- Recorded information:
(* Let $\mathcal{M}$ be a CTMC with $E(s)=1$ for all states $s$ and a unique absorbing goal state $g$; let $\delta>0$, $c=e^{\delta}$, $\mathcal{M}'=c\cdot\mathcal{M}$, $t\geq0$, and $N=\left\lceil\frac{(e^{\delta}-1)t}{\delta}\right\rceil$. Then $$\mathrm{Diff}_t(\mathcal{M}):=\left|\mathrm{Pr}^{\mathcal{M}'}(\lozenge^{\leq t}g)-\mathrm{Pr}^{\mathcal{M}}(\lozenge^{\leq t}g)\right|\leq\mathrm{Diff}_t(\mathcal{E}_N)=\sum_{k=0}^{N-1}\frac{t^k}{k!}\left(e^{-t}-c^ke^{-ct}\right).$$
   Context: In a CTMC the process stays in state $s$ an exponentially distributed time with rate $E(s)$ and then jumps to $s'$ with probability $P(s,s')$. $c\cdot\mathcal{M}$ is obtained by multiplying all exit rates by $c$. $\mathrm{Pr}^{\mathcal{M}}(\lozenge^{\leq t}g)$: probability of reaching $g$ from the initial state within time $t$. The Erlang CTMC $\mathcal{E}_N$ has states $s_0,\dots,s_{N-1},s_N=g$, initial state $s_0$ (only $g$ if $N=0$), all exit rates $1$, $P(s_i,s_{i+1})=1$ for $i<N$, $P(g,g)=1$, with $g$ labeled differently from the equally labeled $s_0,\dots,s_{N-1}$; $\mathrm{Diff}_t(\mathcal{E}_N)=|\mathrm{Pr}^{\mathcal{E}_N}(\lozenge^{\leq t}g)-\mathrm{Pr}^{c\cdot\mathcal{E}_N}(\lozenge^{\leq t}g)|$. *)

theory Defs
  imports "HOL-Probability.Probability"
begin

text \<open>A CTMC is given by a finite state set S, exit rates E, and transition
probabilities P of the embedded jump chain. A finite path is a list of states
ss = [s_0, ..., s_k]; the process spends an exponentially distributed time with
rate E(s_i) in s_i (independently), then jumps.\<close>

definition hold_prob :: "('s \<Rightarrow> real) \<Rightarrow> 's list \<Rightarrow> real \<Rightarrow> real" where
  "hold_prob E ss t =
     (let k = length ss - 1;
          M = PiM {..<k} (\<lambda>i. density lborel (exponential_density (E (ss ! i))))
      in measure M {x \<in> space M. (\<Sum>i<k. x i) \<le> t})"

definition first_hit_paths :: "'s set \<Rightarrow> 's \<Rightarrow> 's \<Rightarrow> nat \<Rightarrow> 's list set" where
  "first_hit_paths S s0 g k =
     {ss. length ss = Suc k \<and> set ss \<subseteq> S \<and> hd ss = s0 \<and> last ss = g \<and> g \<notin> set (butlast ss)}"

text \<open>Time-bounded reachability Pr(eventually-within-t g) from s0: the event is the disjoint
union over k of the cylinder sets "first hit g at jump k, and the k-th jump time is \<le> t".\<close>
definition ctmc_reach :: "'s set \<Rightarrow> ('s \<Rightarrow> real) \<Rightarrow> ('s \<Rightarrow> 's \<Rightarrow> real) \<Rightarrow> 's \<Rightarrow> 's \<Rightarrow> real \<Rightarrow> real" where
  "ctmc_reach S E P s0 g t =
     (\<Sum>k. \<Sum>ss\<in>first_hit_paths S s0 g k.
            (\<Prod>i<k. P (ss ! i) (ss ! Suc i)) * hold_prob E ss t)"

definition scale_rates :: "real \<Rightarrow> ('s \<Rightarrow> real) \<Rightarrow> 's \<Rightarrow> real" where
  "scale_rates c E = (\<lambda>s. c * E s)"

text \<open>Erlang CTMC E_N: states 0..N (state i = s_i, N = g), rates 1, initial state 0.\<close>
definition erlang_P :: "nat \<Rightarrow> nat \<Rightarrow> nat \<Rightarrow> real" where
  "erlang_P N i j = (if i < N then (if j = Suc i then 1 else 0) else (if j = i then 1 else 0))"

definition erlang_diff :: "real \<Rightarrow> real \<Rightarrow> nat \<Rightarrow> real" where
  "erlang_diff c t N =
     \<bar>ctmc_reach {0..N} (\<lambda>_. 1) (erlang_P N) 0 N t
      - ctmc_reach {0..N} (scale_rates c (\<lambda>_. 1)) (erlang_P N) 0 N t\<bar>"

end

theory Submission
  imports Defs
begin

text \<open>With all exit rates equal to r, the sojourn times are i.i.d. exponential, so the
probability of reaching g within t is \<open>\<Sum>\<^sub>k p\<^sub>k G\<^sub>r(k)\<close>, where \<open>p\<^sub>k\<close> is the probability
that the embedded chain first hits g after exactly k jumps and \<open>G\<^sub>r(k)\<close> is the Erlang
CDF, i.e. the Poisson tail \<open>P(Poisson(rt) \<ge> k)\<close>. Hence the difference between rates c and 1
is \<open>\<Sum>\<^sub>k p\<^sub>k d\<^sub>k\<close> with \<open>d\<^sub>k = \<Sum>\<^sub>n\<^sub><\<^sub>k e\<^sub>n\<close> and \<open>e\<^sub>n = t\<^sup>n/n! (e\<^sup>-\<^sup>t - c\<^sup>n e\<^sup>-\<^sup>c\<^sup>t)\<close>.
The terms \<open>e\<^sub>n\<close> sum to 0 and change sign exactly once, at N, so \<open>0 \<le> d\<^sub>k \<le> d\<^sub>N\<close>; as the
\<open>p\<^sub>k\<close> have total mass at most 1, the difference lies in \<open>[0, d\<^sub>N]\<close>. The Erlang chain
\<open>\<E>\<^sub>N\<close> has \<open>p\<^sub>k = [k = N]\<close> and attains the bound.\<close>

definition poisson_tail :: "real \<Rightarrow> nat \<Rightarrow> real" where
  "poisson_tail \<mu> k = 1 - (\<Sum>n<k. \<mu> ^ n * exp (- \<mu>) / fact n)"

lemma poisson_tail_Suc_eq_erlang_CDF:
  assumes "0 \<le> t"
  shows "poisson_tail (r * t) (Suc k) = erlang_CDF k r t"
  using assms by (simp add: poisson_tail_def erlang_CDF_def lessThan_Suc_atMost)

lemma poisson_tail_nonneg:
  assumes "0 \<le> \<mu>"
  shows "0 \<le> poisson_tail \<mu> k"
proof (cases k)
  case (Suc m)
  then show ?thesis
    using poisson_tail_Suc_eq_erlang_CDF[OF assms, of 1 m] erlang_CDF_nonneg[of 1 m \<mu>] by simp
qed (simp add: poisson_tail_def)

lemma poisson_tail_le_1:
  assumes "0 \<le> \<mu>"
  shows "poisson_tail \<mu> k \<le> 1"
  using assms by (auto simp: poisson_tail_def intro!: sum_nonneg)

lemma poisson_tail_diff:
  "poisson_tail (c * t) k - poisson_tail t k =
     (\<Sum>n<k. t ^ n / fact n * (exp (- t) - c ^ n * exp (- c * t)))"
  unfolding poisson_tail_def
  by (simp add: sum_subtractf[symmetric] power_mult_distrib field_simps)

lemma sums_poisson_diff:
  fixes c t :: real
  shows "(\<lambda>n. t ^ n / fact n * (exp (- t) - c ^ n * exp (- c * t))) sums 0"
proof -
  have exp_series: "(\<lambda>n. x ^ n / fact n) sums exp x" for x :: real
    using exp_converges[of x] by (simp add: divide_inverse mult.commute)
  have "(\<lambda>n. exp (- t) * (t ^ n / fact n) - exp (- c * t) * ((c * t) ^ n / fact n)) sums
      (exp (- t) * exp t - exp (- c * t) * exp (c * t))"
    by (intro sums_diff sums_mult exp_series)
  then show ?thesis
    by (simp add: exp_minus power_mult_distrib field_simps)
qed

- Instructions for the task: In the listing above, find the line with "set \<Rightarrow> 's" and the line with "nat \<Rightarrow> nat", then print exactly those two lines and every line between them, and nothing more.

- Your response:
definition first_hit_paths :: "'s set \<Rightarrow> 's \<Rightarrow> 's \<Rightarrow> nat \<Rightarrow> 's list set" where
  "first_hit_paths S s0 g k =
     {ss. length ss = Suc k \<and> set ss \<subseteq> S \<and> hd ss = s0 \<and> last ss = g \<and> g \<notin> set (butlast ss)}"

text \<open>Time-bounded reachability Pr(eventually-within-t g) from s0: the event is the disjoint
union over k of the cylinder sets "first hit g at jump k, and the k-th jump time is \<le> t".\<close>
definition ctmc_reach :: "'s set \<Rightarrow> ('s \<Rightarrow> real) \<Rightarrow> ('s \<Rightarrow> 's \<Rightarrow> real) \<Rightarrow> 's \<Rightarrow> 's \<Rightarrow> real \<Rightarrow> real" where
  "ctmc_reach S E P s0 g t =
     (\<Sum>k. \<Sum>ss\<in>first_hit_paths S s0 g k.
            (\<Prod>i<k. P (ss ! i) (ss ! Suc i)) * hold_prob E ss t)"

definition scale_rates :: "real \<Rightarrow> ('s \<Rightarrow> real) \<Rightarrow> 's \<Rightarrow> real" where
  "scale_rates c E = (\<lambda>s. c * E s)"

text \<open>Erlang CTMC E_N: states 0..N (state i = s_i, N = g), rates 1, initial state 0.\<close>
definition erlang_P :: "nat \<Rightarrow> nat \<Rightarrow> nat \<Rightarrow> real" where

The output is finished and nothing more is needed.